Добавить в цитаты Настройки чтения

Страница 32 из 56

Я не знала, что ему возразить. Друг во всем был прав. Ребенок Романа не нужен никому, кроме своих родителей, то есть никому, кроме меня… Боже! Не могу осознать, не могу принять то, что во мне растет жизнь. Казалось, это происходит не со мной, а с кем-то другим, с какой-то другой девушкой. Ребенок… Я стану мамой? Эта мысль не испугала, а, напротив, подарила теплую искру, зажегшуюся в испепеленной болью душе. Насмешка судьбы! Я думала, что умираю, а оказалось, что во мне жизни больше, чем когда-либо. Роман умер, но через меня, через нашего ребенка он живет.
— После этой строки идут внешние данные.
definition hook :: "(nat \<times> nat) set \<Rightarrow> nat \<times> nat \<Rightarrow> (nat \<times> nat) set" where
  "hook D c = {c' \<in> D. fst c' = fst c \<and> snd c \<le> snd c' \<or> snd c' = snd c \<and> fst c \<le> fst c'}"

lemma card_hook:
  assumes "finite D" and "(i, j) \<in> D"
  shows "card (hook D (i, j)) = hook_length D (i, j)"
proof -
  define arm where "arm = {j'. j' > j \<and> (i, j') \<in> D}"
  define leg where "leg = {i'. i' > i \<and> (i', j) \<in> D}"
  have "arm \<subseteq> snd ` D" and "leg \<subseteq> fst ` D"
    unfolding arm_def leg_def by force+
  then have "finite arm" and "finite leg"
    using assms(1) by (auto dest: finite_subset)
  have "hook D (i, j) = insert (i, j) (Pair i ` arm \<union> (\<lambda>i'. (i', j)) ` leg)"
    using assms(2) by (auto simp: hook_def arm_def leg_def)
  moreover have "(i, j) \<notin> Pair i ` arm \<union> (\<lambda>i'. (i', j)) ` leg"
    and "Pair i ` arm \<inter> (\<lambda>i'. (i', j)) ` leg = {}"
    by (auto simp: arm_def leg_def)
  ultimately have "card (hook D (i, j)) = Suc (card (Pair i ` arm) + card ((\<lambda>i'. (i', j)) ` leg))"
    using \<open>finite arm\<close> \<open>finite leg\<close> by (simp add: card_Un_disjoint)
  also have "\<dots> = Suc (card arm + card leg)"
    by (simp add: card_image inj_on_def)
  finally show ?thesis
    by (simp add: hook_length_def arm_def leg_def)
qed

lemma hook_diagonal: "hook D (d, d) = {c \<in> D. min (fst c) (snd c) = d}"
  by (auto simp: hook_def)

lemma diagonal_hook_sum_eq_card:
  assumes "young_diagram D"
  shows "diagonal_hook_sum D = card D"
proof -
  define diag where "diag = {c \<in> D. fst c = snd c}"
  have "finite D"
    and closed: "\<And>i j i' j'. (i, j) \<in> D \<Longrightarrow> i' \<le> i \<Longrightarrow> j' \<le> j \<Longrightarrow> (i', j') \<in> D"
    using assms by (auto simp: young_diagram_def)
  then have "finite diag"
    by (simp add: diag_def)
  have hook_diag: "hook D c = {c' \<in> D. min (fst c') (snd c') = fst c}" if "c \<in> diag" for c
  proof -
    have "c = (fst c, fst c)"
      using that by (simp add: diag_def prod_eq_iff)
    then show ?thesis
      by (metis hook_diagonal fst_conv)
  qed
  have "D = (\<Union>c\<in>diag. hook D c)"
  proof (intro equalityI subsetI)
    fix c assume "c \<in> D"
    define d where "d = min (fst c) (snd c)"
    have "(d, d) \<in> D"
      using closed[of "fst c" "snd c"] \<open>c \<in> D\<close> by (simp add: d_def)
    then have "(d, d) \<in> diag" and "c \<in> hook D (d, d)"
      using \<open>c \<in> D\<close> by (simp_all add: diag_def hook_diagonal d_def)
    then show "c \<in> (\<Union>c\<in>diag. hook D c)"
      by blast
  qed (auto simp: hook_def)
  moreover have "card (\<Union>c\<in>diag. hook D c) = (\<Sum>c\<in>diag. card (hook D c))"
  proof (intro card_UN_disjoint ballI impI)
    fix c c' assume "c \<in> diag" "c' \<in> diag" "c \<noteq> c'"
    then have "fst c \<noteq> fst c'"
      by (auto simp: diag_def prod_eq_iff)
    then show "hook D c \<inter> hook D c' = {}"
      using \<open>c \<in> diag\<close> \<open>c' \<in> diag\<close> by (auto simp: hook_diag)
  qed (use \<open>finite D\<close> \<open>finite diag\<close> in \<open>auto simp: hook_def\<close>)
  ultimately have "card D = (\<Sum>c\<in>diag. card (hook D c))"
    by metis
  also have "\<dots> = diagonal_hook_sum D"
    unfolding diagonal_hook_sum_def diag_def using \<open>finite D\<close> by (intro sum.cong) (auto simp: card_hook)
  finally show ?thesis ..
qed
lemma cyc_1: "1 \<le> j \<Longrightarrow> j \<le> n \<Longrightarrow> cyc n j 1 = (if j < n then j + 1 else 1)"
  by (auto simp: cyc_def)

lemma cyc_pred:
  assumes "1 \<le> j" "j \<le> n"
  shows "cyc n (cyc n j (n - 1)) 1 = j"
proof -
  have "cyc n (cyc n j (n - 1)) 1 = cyc n j n"
    using assms cyc_cyc[of n j "n - 1" 1] by simp
  also have "\<dots> = j"
    unfolding cyc_def by (simp only: mod_add_self2) (use assms in simp)
  finally show ?thesis .
qed

lemma cyc_past_window_end:
  assumes "lo + w \<le> n" "0 < w" "1 \<le> t" "t \<le> n - w"
  shows "cyc n (lo + w) t \<le> lo \<or> lo + w < cyc n (lo + w) t"
proof (cases "lo + w - 1 + t < n")
  case True
  then show ?thesis using assms by (simp add: cyc_def)
next
  case False
  then have "(lo + w - 1 + t) mod n = lo + w - 1 + t - n"
    using assms by (simp add: le_mod_geq)
  then have "cyc n (lo + w) t = lo + w + t - n"
    using assms False by (simp add: cyc_def)
  then show ?thesis using assms by linarith
qed

lemma cyc_window_end: "lo + w \<le> n \<Longrightarrow> 0 < w \<Longrightarrow> cyc n (lo + w) (n - w + 1) = lo + 1"
  by (simp add: cyc_def)

lemma sR_eqI:
  assumes "1 \<le> t" "(i, cyc n j t) \<in> F" "\<And>t'. 1 \<le> t' \<Longrightarrow> t' < t \<Longrightarrow> (i, cyc n j t') \<notin> F"
  shows "sR m n F (i, j) = (i, cyc n j t)"
proof -
  have "(LEAST t. t \<ge> 1 \<and> (i, cyc n j t) \<in> F) = t"
    by (rule Least_equality) (use assms not_less in blast)+
  then show ?thesis by (simp add: sR_def)
qed
lemma det_mat_pow: "det (mat_pow x k) = det x ^ k"
  by (induction k) (simp_all add: det_mul)

lemma mat_pow_eigenvector:
  fixes x :: "'a::field^'n^'n"
  assumes "x *v v = c *s v"
  shows "mat_pow x k *v v = c ^ k *s v"
proof (induction k)
  case (Suc k)
  have "mat_pow x (Suc k) *v v = c ^ k *s (x *v v)"
    by (simp flip: matrix_vector_mul_assoc add: Suc vector_scalar_commute)
  then show ?case
    by (simp add: assms mult.commute)
qed simp

lemma mat_pow_inverse_in_finite_index:
  fixes x :: "'a::field^'n^'n"
  assumes "finite {(\<lambda>h. g ** h) ` H | g. g \<in> G}" "\<And>k. mat_pow x k \<in> G"
    and "mat 1 \<in> H" "det x \<noteq> 0"
  obtains n h where "n > 0" "h \<in> H" "mat_pow x n ** h = mat 1"
proof -
  define coset where "coset k = (\<lambda>h. mat_pow x k ** h) ` H" for k
  have "range coset \<subseteq> {(\<lambda>h. g ** h) ` H | g. g \<in> G}"
    unfolding coset_def using assms(2) by blast
  then have "finite (range coset)"
    using assms(1) by (rule finite_subset)
  then have "\<not> inj coset"
    using finite_imageD[of coset UNIV] by auto
  then obtain i j where "i \<noteq> j" "coset i = coset j"
    unfolding inj_def by blast
  then obtain i j where "i < j" "coset i = coset j"
    by (metis linorder_neqE_nat)
  then obtain n where "n > 0" and j: "j = i + n"
    using less_imp_add_positive by blast
  have "mat_pow x i \<in> coset j"
    using imageI[OF assms(3), of "\<lambda>h. mat_pow x i ** h"] \<open>coset i = coset j\<close>
    unfolding coset_def by simp
  then obtain h where "h \<in> H" and h: "mat_pow x i = mat_pow x i ** (mat_pow x n ** h)"
    unfolding coset_def j mat_pow_add by (auto simp: matrix_mul_assoc)
  have "invertible (mat_pow x i)"
    using assms(4) by (simp add: invertible_det_nz det_mat_pow)
  then obtain B where B: "B ** mat_pow x i = mat 1"
    using invertible_left_inverse by blast
  have "mat_pow x n ** h = B ** mat_pow x i ** (mat_pow x n ** h)"
    by (simp add: B)
  also have "\<dots> = B ** (mat_pow x i ** (mat_pow x n ** h))"
    by (simp add: matrix_mul_assoc)
  also have "\<dots> = mat 1"
    by (simp flip: h add: B)
  finally show ?thesis
    using that \<open>n > 0\<close> \<open>h \<in> H\<close> by blast
qed

section \<open>Parabolic subgroups\<close>

lemma mat_1_SL2_ring_of_integers: "mat 1 \<in> SL2 (ring_of_integers (imag_quad_field d))"
proof -
  have "(mat 1 :: complex^2^2) $ i $ j \<in> ring_of_integers (imag_quad_field d)" for i j
    using alg_int_of_int[of 0] alg_int_of_int[of 1] imag_quad_field_0 imag_quad_field_1
    by (simp add: ring_of_integers_def mat_def)
  then show ?thesis
    by (simp add: SL2_def)
qed

lemma SL2_ring_of_integers_trace:
  assumes "h \<in> SL2 (ring_of_integers (imag_quad_field d))"
  shows "bounded_denom d (trace h)"
  using assms unfolding trace_2 SL2_def ring_of_integers_def
  by (blast intro: bounded_denom_add alg_int_bounded_denom)

lemma SL2_mult:
  assumes "A \<in> SL2 (imag_quad_field d)" "B \<in> SL2 (imag_quad_field d)"
  shows "A ** B \<in> SL2 (imag_quad_field d)"
  using assms unfolding SL2_def
  by (auto simp: matrix_matrix_mult_2 det_mul intro!: imag_quad_field_add imag_quad_field_mult)

lemma unipotent_radical_ptsI:
  assumes "y \<in> SL2 (imag_quad_field d)" "y *v v = v" "vec_in (imag_quad_field d) v" "v \<noteq> 0"
  shows "y \<in> unipotent_radical_pts (imag_quad_field d) v"
proof -
  obtain k where "v$k \<noteq> 0"
    using assms(4) by (metis vec_eq_iff zero_index)
  have "\<exists>c\<in>imag_quad_field d. y *v w - w = c *s v" if "vec_in (imag_quad_field d) w" for w
  proof -
    obtain l where "y *v w = 1 *s w + l *s v"
      using pm_unipotent_image[of y v 1 w] assms(1,2,4) unfolding SL2_def by auto
    then have l: "y *v w - w = l *s v"
      by simp
    then have "l = (y$k$1 * w$1 + y$k$2 * w$2 - w$k) / v$k"
      using \<open>v$k \<noteq> 0\<close> by (simp add: vec_eq_iff matrix_vector_mult_2 field_simps)
    also have "\<dots> \<in> imag_quad_field d"
      using assms(1,3) that unfolding SL2_def vec_in_def
      by (blast intro: imag_quad_field_divide imag_quad_field_diff imag_quad_field_add imag_quad_field_mult)
    finally show ?thesis
      using l by blast
  qed
  then show ?thesis
    using assms(1,2) unfolding unipotent_radical_pts_def by blast
qed

lemma unipotent_radical_pts_subset:
  "unipotent_radical_pts (imag_quad_field d) v \<subseteq> parabolic_pts (imag_quad_field d) v"
  unfolding unipotent_radical_pts_def parabolic_pts_def using imag_quad_field_1 by force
Я воскресла из пепла, как феникс. Истлевшая душа вдруг начала покрываться живой оболочкой. Я вновь начала чувствовать, перестала ощущать себя живым трупом, по нелепой случайности оставшимся среди живых. Душа болела, но…уже не так безнадежно. Я чувствовала: рана затянется. Не до конца, конечно, но будет не так больно. Наш с Романом ребенок вдохнул в меня жизнь.

— Ты должна бежать, — через силу произнес Марк. Впервые я видела друга таким серьезным и взрослым. Даже взгляд изменился. Я видела перед собой не мальчика, но уже мужчину. — Нельзя оставаться здесь. Скоро твое положение станет понятно всем членам семьи, долго ты не сможешь его скрывать. Нужно бежать, Юля, — Марк обхватил мои запястья, крепко сжав их. — Ты должна скрыться и от Капуловых, и от Манкуловых.

— Но как? — его слова звучали для меня как самое настоящее безумие.

— Ты жена Манкулова! — прошипел Марк, с опаской оглядываясь на дверь. — Ты имеешь право на его имущество!

Вспомнились слова Романа о том, что его квартира после свадьбы принадлежит и мне тоже. Я не вникала в юридические вопросы, но мы заключили официальный брак. Никогда не разбиралась в человеческих законах, но что-то мне подсказывало, что без денег Роман меня не оставил бы. Не зря он затеял эту роспись в человеческом ЗАГСе.

— Я даже не знаю, какое имущество у него есть, — растерянно прошептала я. — Кроме одной квартиры в городе, он показывал ее мне. Говорил, что никто, даже его приближенные, не знают о ней. Пока не знают. Его наследники, вступая в наследство, будут знать обо всем имуществе альфы.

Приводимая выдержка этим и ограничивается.